Start of Listed records
(* Let $\mathcal F_0\subset\mathcal F^d_{bm}(\mathbf I)$ be the subspace $\mathcal F_0=\mathrm{span}\{\Omega,\ g_{\xi_n}\otimes\cdots\otimes g_{\xi_1}: n\in\mathbb N,\ \xi_n\succ\xi_{n-1}\succ\cdots\succ\xi_1\text{ in }\mathbf I\}$. Each of $A^+_\xi,A^-_\xi,A^\circ_\xi$ preserves $\mathcal F_0$; let $\mathtt B^\varepsilon_\xi$ denote the restriction of $A^\varepsilon_\xi$ to $\mathcal F_0$ ($\varepsilon\in\{+,-,\circ\}$), so that $\mathtt B^\circ_\xi=\mathtt B^+_\xi\mathtt B^-_\xi$. Let $\mathcal C$ be the algebra of bounded operators on (the closure of) $\mathcal F_0$, $\varphi(X)=\langle X\Omega,\Omega\rangle$ the vacuum state, and $\mathcal C_\xi$ the $*$-algebra generated by $\mathtt B^+_\xi,\mathtt B^-_\xi,\mathtt B^\circ_\xi$. Then $\{\mathcal C_\xi:\xi\in\mathbf I\}$ is bm-independent in $(\mathcal C,\varphi)$ with respect to the poset $(\mathbf I,\preceq)$.
   Context: Cones and index sets: fix $d\in\mathbb N$ and one of the following three cases. (a) $\Pi_d=\mathbb R_+^d\subset\mathbb R^d$ with coordinatewise order, and $\mathbf I=\mathbb N^d$. (b) The Lorentz cone $\Pi_d=\Lambda^1_d=\{(t;x)\in\mathbb R\times\mathbb R^d: t\ge\|x\|\}$, with $(s;y)\preceq(t;x)$ iff $t-s\ge\|x-y\|$, and $\mathbf I=\mathbb N\times\mathbb Z^d$. (c) $\Pi_d$ the cone of positive semidefinite real symmetric $d\times d$ matrices, with $\rho\preceq\xi$ iff $\xi-\rho$ is positive semidefinite, and $\mathbf I$ the set of positive semidefinite symmetric $d\times d$ matrices with integer entries. Write $\xi\prec\rho$ if $\xi\preceq\rho$ and $\xi\neq\rho$; $\xi\nsim\rho$ if incomparable. Discrete bm-Fock space: for each $\xi\in\mathbf I$ let $\mathcal H_\xi$ be a Hilbert space with orthonormal basis $\{e^m_\xi: m\ge0\}$, where $\Omega:=e^0_\xi$ is a common unit vector for all $\xi$. $\mathcal F^d_{bm}(\mathbf I)$ is the Hilbert space spanned by $\Omega$ and simple tensors $h_{\rho_n}\otimes\cdots\otimes h_{\rho_1}$ with $\rho_n\succ\cdots\succ\rho_1$ in $\mathbf I$, $h_{\rho_i}\in\mathcal H_{\rho_i}$, $h_{\rho_i}\perp\Omega$; tensors of different length or different index sequences are orthogonal, $\Omega$ is orthogonal to all tensors, and $\langle h_{\rho_n}\otimes\cdots\otimes h_{\rho_1},f_{\rho_n}\otimes\cdots\otimes f_{\rho_1}\rangle=\prod_i\langle h_{\rho_i},f_{\rho_i}\rangle$. Fix unit vectors $g_\xi\in\mathcal H_\xi$, $g_\xi\perp\Omega$. Creation: $A^+_\xi\Omega=g_\xi$, $A^+_\xi(h_{\rho_n}\otimes\cdots\otimes h_{\rho_1})=g_\xi\otimes h_{\rho_n}\otimes\cdots\otimes h_{\rho_1}$ if $\xi\succ\rho_n$, else $0$. Annihilation: $A^-_\xi\Omega=0$, $A^-_\xi(h_{\rho_n}\otimes\cdots\otimes h_{\rho_1})=\langle g_\xi,h_{\rho_n}\rangle h_{\rho_{n-1}}\otimes\cdots\otimes h_{\rho_1}$ if $\xi=\rho_n$ (giving $\langle g_\xi,h_{\rho_1}\rangle\Omega$ when $n=1$), else $0$. Conservation: $A^\circ_\xi\Omega=0$, $A^\circ_\xi(h_{\rho_n}\otimes\cdots\otimes h_{\rho_1})=\langle g_\xi,h_{\rho_n}\rangle h_{\rho_n}\otimes\cdots\otimes h_{\rho_1}$ if $\xi=\rho_n$, else $0$. bm-independence: for $(\mathcal A,\varphi)$ an algebra with a state and a poset $(\mathbb X,\preceq)$, subalgebras $\{\mathcal A_\xi\}$ are bm-independent if: (BM1) whenever $\xi\prec\rho\succ\eta$, or $\xi\nsim\rho\succ\eta$, or $\xi\prec\rho\nsim\eta$, then $a_1a_2a_3=\varphi(a_2)a_1a_3$ for all $a_1\in\mathcal A_\xi,a_2\in\mathcal A_\rho,a_3\in\mathcal A_\eta$; (BM2) whenever $\xi_1\succ\cdots\succ\xi_m\nsim\cdots\nsim\xi_k\prec\xi_{k+1}\prec\cdots\prec\xi_n$ for some $1\le m\le k\le n$ and $a_j\in\mathcal A_{\xi_j}$, then $\varphi(a_1\cdots a_n)=\prod_j\varphi(a_j)$. *)

theory Defs
  imports "HOL-Analysis.Analysis"
begin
End of Listed records
▶ **The problem**: Each line above needs to be repeated exactly, with nothing omitted.

▶ **Result**:
(* Let $\mathcal F_0\subset\mathcal F^d_{bm}(\mathbf I)$ be the subspace $\mathcal F_0=\mathrm{span}\{\Omega,\ g_{\xi_n}\otimes\cdots\otimes g_{\xi_1}: n\in\mathbb N,\ \xi_n\succ\xi_{n-1}\succ\cdots\succ\xi_1\text{ in }\mathbf I\}$. Each of $A^+_\xi,A^-_\xi,A^\circ_\xi$ preserves $\mathcal F_0$; let $\mathtt B^\varepsilon_\xi$ denote the restriction of $A^\varepsilon_\xi$ to $\mathcal F_0$ ($\varepsilon\in\{+,-,\circ\}$), so that $\mathtt B^\circ_\xi=\mathtt B^+_\xi\mathtt B^-_\xi$. Let $\mathcal C$ be the algebra of bounded operators on (the closure of) $\mathcal F_0$, $\varphi(X)=\langle X\Omega,\Omega\rangle$ the vacuum state, and $\mathcal C_\xi$ the $*$-algebra generated by $\mathtt B^+_\xi,\mathtt B^-_\xi,\mathtt B^\circ_\xi$. Then $\{\mathcal C_\xi:\xi\in\mathbf I\}$ is bm-independent in $(\mathcal C,\varphi)$ with respect to the poset $(\mathbf I,\preceq)$.
   Context: Cones and index sets: fix $d\in\mathbb N$ and one of the following three cases. (a) $\Pi_d=\mathbb R_+^d\subset\mathbb R^d$ with coordinatewise order, and $\mathbf I=\mathbb N^d$. (b) The Lorentz cone $\Pi_d=\Lambda^1_d=\{(t;x)\in\mathbb R\times\mathbb R^d: t\ge\|x\|\}$, with $(s;y)\preceq(t;x)$ iff $t-s\ge\|x-y\|$, and $\mathbf I=\mathbb N\times\mathbb Z^d$. (c) $\Pi_d$ the cone of positive semidefinite real symmetric $d\times d$ matrices, with $\rho\preceq\xi$ iff $\xi-\rho$ is positive semidefinite, and $\mathbf I$ the set of positive semidefinite symmetric $d\times d$ matrices with integer entries. Write $\xi\prec\rho$ if $\xi\preceq\rho$ and $\xi\neq\rho$; $\xi\nsim\rho$ if incomparable. Discrete bm-Fock space: for each $\xi\in\mathbf I$ let $\mathcal H_\xi$ be a Hilbert space with orthonormal basis $\{e^m_\xi: m\ge0\}$, where $\Omega:=e^0_\xi$ is a common unit vector for all $\xi$. $\mathcal F^d_{bm}(\mathbf I)$ is the Hilbert space spanned by $\Omega$ and simple tensors $h_{\rho_n}\otimes\cdots\otimes h_{\rho_1}$ with $\rho_n\succ\cdots\succ\rho_1$ in $\mathbf I$, $h_{\rho_i}\in\mathcal H_{\rho_i}$, $h_{\rho_i}\perp\Omega$; tensors of different length or different index sequences are orthogonal, $\Omega$ is orthogonal to all tensors, and $\langle h_{\rho_n}\otimes\cdots\otimes h_{\rho_1},f_{\rho_n}\otimes\cdots\otimes f_{\rho_1}\rangle=\prod_i\langle h_{\rho_i},f_{\rho_i}\rangle$. Fix unit vectors $g_\xi\in\mathcal H_\xi$, $g_\xi\perp\Omega$. Creation: $A^+_\xi\Omega=g_\xi$, $A^+_\xi(h_{\rho_n}\otimes\cdots\otimes h_{\rho_1})=g_\xi\otimes h_{\rho_n}\otimes\cdots\otimes h_{\rho_1}$ if $\xi\succ\rho_n$, else $0$. Annihilation: $A^-_\xi\Omega=0$, $A^-_\xi(h_{\rho_n}\otimes\cdots\otimes h_{\rho_1})=\langle g_\xi,h_{\rho_n}\rangle h_{\rho_{n-1}}\otimes\cdots\otimes h_{\rho_1}$ if $\xi=\rho_n$ (giving $\langle g_\xi,h_{\rho_1}\rangle\Omega$ when $n=1$), else $0$. Conservation: $A^\circ_\xi\Omega=0$, $A^\circ_\xi(h_{\rho_n}\otimes\cdots\otimes h_{\rho_1})=\langle g_\xi,h_{\rho_n}\rangle h_{\rho_n}\otimes\cdots\otimes h_{\rho_1}$ if $\xi=\rho_n$, else $0$. bm-independence: for $(\mathcal A,\varphi)$ an algebra with a state and a poset $(\mathbb X,\preceq)$, subalgebras $\{\mathcal A_\xi\}$ are bm-independent if: (BM1) whenever $\xi\prec\rho\succ\eta$, or $\xi\nsim\rho\succ\eta$, or $\xi\prec\rho\nsim\eta$, then $a_1a_2a_3=\varphi(a_2)a_1a_3$ for all $a_1\in\mathcal A_\xi,a_2\in\mathcal A_\rho,a_3\in\mathcal A_\eta$; (BM2) whenever $\xi_1\succ\cdots\succ\xi_m\nsim\cdots\nsim\xi_k\prec\xi_{k+1}\prec\cdots\prec\xi_n$ for some $1\le m\le k\le n$ and $a_j\in\mathcal A_{\xi_j}$, then $\varphi(a_1\cdots a_n)=\prod_j\varphi(a_j)$. *)

theory Defs
  imports "HOL-Analysis.Analysis"
begin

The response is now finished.